» EXTRACTED ENTRIES:

(* Let $b$ be a block and $r$ a round. If in round $r$ there are $2f+1$ blocks from distinct validators that are certificates for $b$, then every (valid) block of every round $r'>r$ has a path to some round-$r$ certificate for $b$.
   Context: There are $n=3f+1$ validators, at most $f$ Byzantine. Blocks are organized in rounds; every valid block of round $r$ has as parents (hash references) at least $2f+1$ blocks of round $r-1$ from distinct validators (and possibly earlier blocks). There is a path from $b$ to $b'$ if $b'$ is reached from $b$ by repeatedly following parent references. A block $b$ of round $r'$ is a vote for a block $L$ of round $r<r'$ with author $a$ if the first block with author $a$ and round $r$ encountered in the deterministic depth-first search from $b$ along parent references is $L$. For a fixed wave length $w\ge 4$, a block $c$ of round $r+w-1$ is a certificate for a block $L$ of round $r$ if at least $2f+1$ of $c$'s parents (round $r+w-2$ blocks) are votes for $L$. *)

theory Defs
  imports Main
begin

fun first_some :: "'a option list \<Rightarrow> 'a option" where
  "first_some [] = None"
| "first_some (Some z # _) = Some z"
| "first_some (None # xs) = first_some xs"

text \<open>Deterministic depth-first search (preorder, parents visited in list order) from a block,
  returning the first encountered block satisfying P. The natural number is a depth bound;
  it is instantiated with the round of the start block, which suffices since parents have
  strictly smaller rounds.\<close>
fun dfs_find :: "('b \<Rightarrow> 'b list) \<Rightarrow> ('b \<Rightarrow> bool) \<Rightarrow> nat \<Rightarrow> 'b \<Rightarrow> 'b option" where
  "dfs_find ps P 0 x = (if P x then Some x else None)"
| "dfs_find ps P (Suc k) x =
     (if P x then Some x else first_some (map (dfs_find ps P k) (ps x)))"

definition edges :: "('b \<Rightarrow> 'b list) \<Rightarrow> ('b \<times> 'b) set" where
  "edges ps = {(x, y). y \<in> set (ps x)}"

definition is_vote :: "('b \<Rightarrow> 'v) \<Rightarrow> ('b \<Rightarrow> nat) \<Rightarrow> ('b \<Rightarrow> 'b list) \<Rightarrow> 'b \<Rightarrow> 'b \<Rightarrow> bool" where
  "is_vote author rnd ps b L \<longleftrightarrow> rnd L < rnd b \<and>
     dfs_find ps (\<lambda>x. author x = author L \<and> rnd x = rnd L) (rnd b) b = Some L"

definition is_certificate ::
  "nat \<Rightarrow> nat \<Rightarrow> ('b \<Rightarrow> 'v) \<Rightarrow> ('b \<Rightarrow> nat) \<Rightarrow> ('b \<Rightarrow> 'b list) \<Rightarrow> 'b \<Rightarrow> 'b \<Rightarrow> bool" where
  "is_certificate f w author rnd ps c L \<longleftrightarrow> rnd c = rnd L + w - 1 \<and>
     card {p \<in> set (ps c). rnd p = rnd L + w - 2 \<and> is_vote author rnd ps p L} \<ge> 2 * f + 1"

definition valid_dag ::
  "nat \<Rightarrow> 'v set \<Rightarrow> 'v set \<Rightarrow> ('b \<Rightarrow> 'v) \<Rightarrow> ('b \<Rightarrow> nat) \<Rightarrow> ('b \<Rightarrow> 'b list) \<Rightarrow> 'b set \<Rightarrow> bool" where
  "valid_dag f V Byz author rnd ps B \<longleftrightarrow>
     finite V \<and> card V = 3 * f + 1 \<and> Byz \<subseteq> V \<and> card Byz \<le> f \<and>
     (\<forall>x\<in>B. author x \<in> V) \<and>
     (\<forall>x\<in>B. \<forall>p\<in>set (ps x). p \<in> B \<and> rnd p < rnd x) \<and>
     (\<forall>x\<in>B. 0 < rnd x \<longrightarrow> (\<exists>S \<subseteq> set (ps x). card S \<ge> 2 * f + 1 \<and>
          (\<forall>p\<in>S. rnd p = rnd x - 1) \<and> inj_on author S)) \<and>
     (\<forall>x\<in>B. \<forall>y\<in>B. author x = author y \<and> author x \<notin> Byz \<and> rnd x = rnd y \<longrightarrow> x = y)"

end

theory Submission
  imports Defs
begin

text \<open>Two sets of 2f+1 distinct authors among the 3f+1 validators share at least f+1 authors,
  hence an honest one. Since an honest validator authors at most one block per round, the 2f+1
  distinct-author parents of a round r+1 block must include one of the 2f+1 given round r
  blocks; a block of a later round descends to round r+1 through parents one round at a time.\<close>

lemma quorum_intersection_honest:
  assumes "finite V" "A \<subseteq> V" "A' \<subseteq> V" "finite Byz"
    and "card V + card Byz < card A + card A'"
  shows "\<exists>a\<in>A \<inter> A'. a \<notin> Byz"
proof -
  have "card (A \<union> A') + card (A \<inter> A') = card A + card A'"
    using assms(1-3) by (metis card_Un_Int finite_subset)
  moreover have "card (A \<union> A') \<le> card V"
    using assms(1-3) by (simp add: card_mono)
  ultimately have "card Byz < card (A \<inter> A')"
    using assms(5) by linarith
  then show ?thesis
    using card_mono[OF assms(4)] by (meson leD subsetI)
qed

lemma valid_dag_parent_in_blocks:
  "valid_dag f V Byz author rnd ps B \<Longrightarrow> x \<in> B \<Longrightarrow> p \<in> set (ps x) \<Longrightarrow> p \<in> B"
  unfolding valid_dag_def by blast

lemma valid_dag_honest_unique:
  "valid_dag f V Byz author rnd ps B \<Longrightarrow> x \<in> B \<Longrightarrow> y \<in> B \<Longrightarrow> author x = author y \<Longrightarrow>
    author x \<notin> Byz \<Longrightarrow> rnd x = rnd y \<Longrightarrow> x = y"
  unfolding valid_dag_def by blast

lemma valid_dag_parents_quorum:
  assumes "valid_dag f V Byz author rnd ps B" "x \<in> B" "0 < rnd x"
  obtains S where "S \<subseteq> set (ps x)" "S \<subseteq> B" "card S \<ge> 2 * f + 1"
    "\<forall>p\<in>S. rnd p = rnd x - 1" "inj_on author S"
proof -
  obtain S where S: "S \<subseteq> set (ps x)" "card S \<ge> 2 * f + 1"
    "\<forall>p\<in>S. rnd p = rnd x - 1" "inj_on author S"
    using assms unfolding valid_dag_def by meson
  moreover have "S \<subseteq> B"
    using S(1) valid_dag_parent_in_blocks[OF assms(1,2)] by blast
  ultimately show thesis
    using that by simp
qed

lemma valid_dag_parent_in_quorum:
  assumes dag: "valid_dag f V Byz author rnd ps B"
    and "x \<in> B" "rnd x = Suc r"
    and C: "C \<subseteq> B" "card C \<ge> 2 * f + 1" "inj_on author C" "\<forall>c\<in>C. rnd c = r"
  shows "\<exists>c\<in>C. c \<in> set (ps x)"
proof -
  obtain S where S: "S \<subseteq> set (ps x)" "S \<subseteq> B" "card S \<ge> 2 * f + 1"
    "\<forall>p\<in>S. rnd p = r" "inj_on author S"
    using valid_dag_parents_quorum[OF dag \<open>x \<in> B\<close>] \<open>rnd x = Suc r\<close> by auto
  have V: "finite V" "card V = 3 * f + 1" "Byz \<subseteq> V" "card Byz \<le> f" "author ` B \<subseteq> V"
    using dag unfolding valid_dag_def by auto
  have "card (author ` S) = card S" "card (author ` C) = card C"
    using S(5) C(3) by (simp_all add: card_image)
  then have quorums: "card V + card Byz < card (author ` S) + card (author ` C)"
    using S(3) C(2) V(2,4) by linarith
  have "author ` S \<subseteq> V" "author ` C \<subseteq> V"
    using V(5) S(2) C(1) by auto
  then obtain a where a: "a \<in> author ` S" "a \<in> author ` C" "a \<notin> Byz"
    using quorum_intersection_honest[OF V(1) _ _ finite_subset[OF V(3,1)] quorums] by blast
  obtain p where "p \<in> S" "author p = a"
    using a(1) by blast
  moreover obtain c where "c \<in> C" "author c = a"
    using a(2) by blast
  moreover have "p = c"
    using valid_dag_honest_unique[OF dag, of p c] calculation a(3) S(2,4) C(1,4) by auto
  ultimately show ?thesis
    using S(1) by blast
qed

lemma valid_dag_reaches_quorum:
  assumes dag: "valid_dag f V Byz author rnd ps B"
    and C: "C \<subseteq> B" "card C \<ge> 2 * f + 1" "inj_on author C" "\<forall>c\<in>C. rnd c = r"
  shows "x \<in> B \<Longrightarrow> r < rnd x \<Longrightarrow> \<exists>c\<in>C. (x, c) \<in> (edges ps)\<^sup>+"
proof (induction "rnd x" arbitrary: x rule: less_induct)
  case less
  show ?case
  proof (cases "rnd x = Suc r")
    case True
    then obtain c where "c \<in> C" "c \<in> set (ps x)"
      using valid_dag_parent_in_quorum[OF dag less.prems(1) True C] by blast
    moreover from this have "(x, c) \<in> (edges ps)\<^sup>+"
      by (intro r_into_trancl') (simp add: edges_def)
    ultimately show ?thesis
      by blast
  next
    case False
    have "0 < rnd x"
      using less.prems(2) by simp
    then obtain S where S: "S \<subseteq> set (ps x)" "S \<subseteq> B" "card S \<ge> 2 * f + 1"
      "\<forall>p\<in>S. rnd p = rnd x - 1"
      using valid_dag_parents_quorum[OF dag less.prems(1)] by metis
    then have "S \<noteq> {}"
      by auto
    then obtain p where "p \<in> S"
      by blast
    then have "(x, p) \<in> edges ps" "p \<in> B" "rnd p < rnd x" "r < rnd p"
      using S False less.prems(2) by (auto simp: edges_def)
    then obtain c where "c \<in> C" "(p, c) \<in> (edges ps)\<^sup>+"
      using less.hyps by blast
    moreover from this have "(x, c) \<in> (edges ps)\<^sup>+"
      using \<open>(x, p) \<in> edges ps\<close> by (simp add: trancl_into_trancl2)
    ultimately show ?thesis
      by blast
  qed
qed

theorem lemma1:
  fixes f w r :: nat and V Byz :: "'v set" and author :: "'b \<Rightarrow> 'v"
    and rnd :: "'b \<Rightarrow> nat" and ps :: "'b \<Rightarrow> 'b list" and B C :: "'b set" and b :: 'b
  assumes "valid_dag f V Byz author rnd ps B"
    and "w \<ge> 4"
    and "b \<in> B"
    and "C \<subseteq> B" and "card C = 2 * f + 1" and "inj_on author C"
    and "\<forall>c\<in>C. rnd c = r \<and> is_certificate f w author rnd ps c b"
  shows "\<forall>x\<in>B. r < rnd x \<longrightarrow>
           (\<exists>c\<in>B. rnd c = r \<and> is_certificate f w author rnd ps c b \<and> (x, c) \<in> (edges ps)\<^sup>+)"
proof (intro ballI impI)
  fix x assume "x \<in> B" "r < rnd x"
  moreover have "\<forall>c\<in>C. rnd c = r"
    using assms(7) by blast
  ultimately obtain c where "c \<in> C" "(x, c) \<in> (edges ps)\<^sup>+"
    using valid_dag_reaches_quorum[OF assms(1,4) _ assms(6)] assms(5) by (metis order_refl)
  then show "\<exists>c\<in>B. rnd c = r \<and> is_certificate f w author rnd ps c b \<and> (x, c) \<in> (edges ps)\<^sup>+"
    using assms(4,7) by blast
qed

end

» DIRECTIONS FOR THIS TASK:
Your answer should consist solely of the lines above from the line with "returning the first" to the line with "y \<in> set", both included, reproduced exactly.

» OUTPUT:
  returning the first encountered block satisfying P. The natural number is a depth bound;
  it is instantiated with the round of the start block, which suffices since parents have
  strictly smaller rounds.\<close>
fun dfs_find :: "('b \<Rightarrow> 'b list) \<Rightarrow> ('b \<Rightarrow> bool) \<Rightarrow> nat \<Rightarrow> 'b \<Rightarrow> 'b option" where
  "dfs_find ps P 0 x = (if P x then Some x else None)"
| "dfs_find ps P (Suc k) x =
     (if P x then Some x else first_some (map (dfs_find ps P k) (ps x)))"

definition edges :: "('b \<Rightarrow> 'b list) \<Rightarrow> ('b \<times> 'b) set" where
  "edges ps = {(x, y). y \<in> set (ps x)}"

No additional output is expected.